Человек — свободен... он за всё платит сам: за веру, за неверие, за любовь, за ум — человек за всё платит сам, и потому он — свободен!.. Человек — вот правда! Что такое человек?.. Это не ты, не я, не они... нет! — это ты, я, они, старик, Наполеон, Магомет... в одном! Понимаешь? Это — огромно! В этом — все начала и концы... Всё — в человеке, всё для человека! Существует только человек, всё же остальное — дело его рук и его мозга! Чело-век! Это — великолепно! Это звучит... гордо!

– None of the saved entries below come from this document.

definition block_form ::
  "nat \<Rightarrow> (nat \<Rightarrow> nat \<Rightarrow> nat set) \<Rightarrow> (nat \<Rightarrow> nat \<Rightarrow> real) \<Rightarrow> block_param \<Rightarrow> (nat \<times> nat \<Rightarrow> bool) \<Rightarrow> real"
  where "block_form K J p \<theta> b = (case \<theta> of (w, U) \<Rightarrow>
    \<Sum>kl\<in>active_blocks K J. w kl * case_prod (bilin (block_rows J kl) (block_cols J kl) (Xi p b)) (U kl))"

definition block_coef :: "nat \<Rightarrow> (nat \<Rightarrow> nat \<Rightarrow> nat set) \<Rightarrow> block_param \<Rightarrow> nat \<Rightarrow> nat \<Rightarrow> real"
  where "block_coef K J \<theta> i j = (case \<theta> of (w, U) \<Rightarrow>
    \<Sum>kl\<in>active_blocks K J. if i \<in> block_rows J kl \<and> j \<in> block_cols J kl
      then w kl * fst (U kl) i * snd (U kl) j else 0)"

definition net_block_Max :: "(nat \<Rightarrow> nat \<Rightarrow> nat set) \<Rightarrow> (nat \<Rightarrow> nat \<Rightarrow> real) \<Rightarrow> nat \<times> nat \<Rightarrow> real"
  where "net_block_Max J X kl = Max (case_prod (bilin (block_rows J kl) (block_cols J kl) X) `
    (ball_net (block_rows J kl) \<times> ball_net (block_cols J kl)))"

locale block_partition =
  fixes n K :: nat and G :: "nat \<Rightarrow> nat set" and J :: "nat \<Rightarrow> nat \<Rightarrow> nat set"
  assumes G_cover: "(\<Union>k<K. G k) = {..<n}"
    and G_disjoint: "\<forall>k<K. \<forall>l<K. k \<noteq> l \<longrightarrow> G k \<inter> G l = {}"
    and J_subset_G: "\<forall>k<K. \<forall>l<K. J k l \<subseteq> G k"
begin

lemma finite_G: "k < K \<Longrightarrow> finite (G k)"
  using G_cover finite_subset[of "G k" "{..<n}"] by blast

lemma J_subset_lessThan: "k < K \<Longrightarrow> l < K \<Longrightarrow> J k l \<subseteq> {..<n}"
  using G_cover J_subset_G by blast

lemma finite_J: "k < K \<Longrightarrow> l < K \<Longrightarrow> finite (J k l)"
  using J_subset_lessThan finite_subset by blast

lemma J_row_unique:
  "k < K \<Longrightarrow> l < K \<Longrightarrow> k' < K \<Longrightarrow> l' < K \<Longrightarrow> i \<in> J k l \<Longrightarrow> i \<in> J k' l' \<Longrightarrow> k = k'"
  using G_disjoint J_subset_G by blast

— Максим Горький, «На дне»

Продолжение

ДЕЙСТВИЕ ПЯТОЕ

Та же ночлежка. Утро. Солнечный свет пробивается через грязные окна, рисуя на полу кривые жёлтые пятна. На нарах спят БУБНОВ и КРИВОЙ ЗОБ. У стола сидит САТИН и раскладывает засаленные карты. КЛЕЩ возится у своего верстака, стуча молотком. НАСТЯ сидит в углу, читая потрёпанную книжку.

САТИН (раскладывая карты). Валет треф... дама бубён... А вот и король червей. Красиво. Ничего решительно не значит, но — красиво.

БУБНОВ (просыпаясь, свешиваясь с нар). Который час?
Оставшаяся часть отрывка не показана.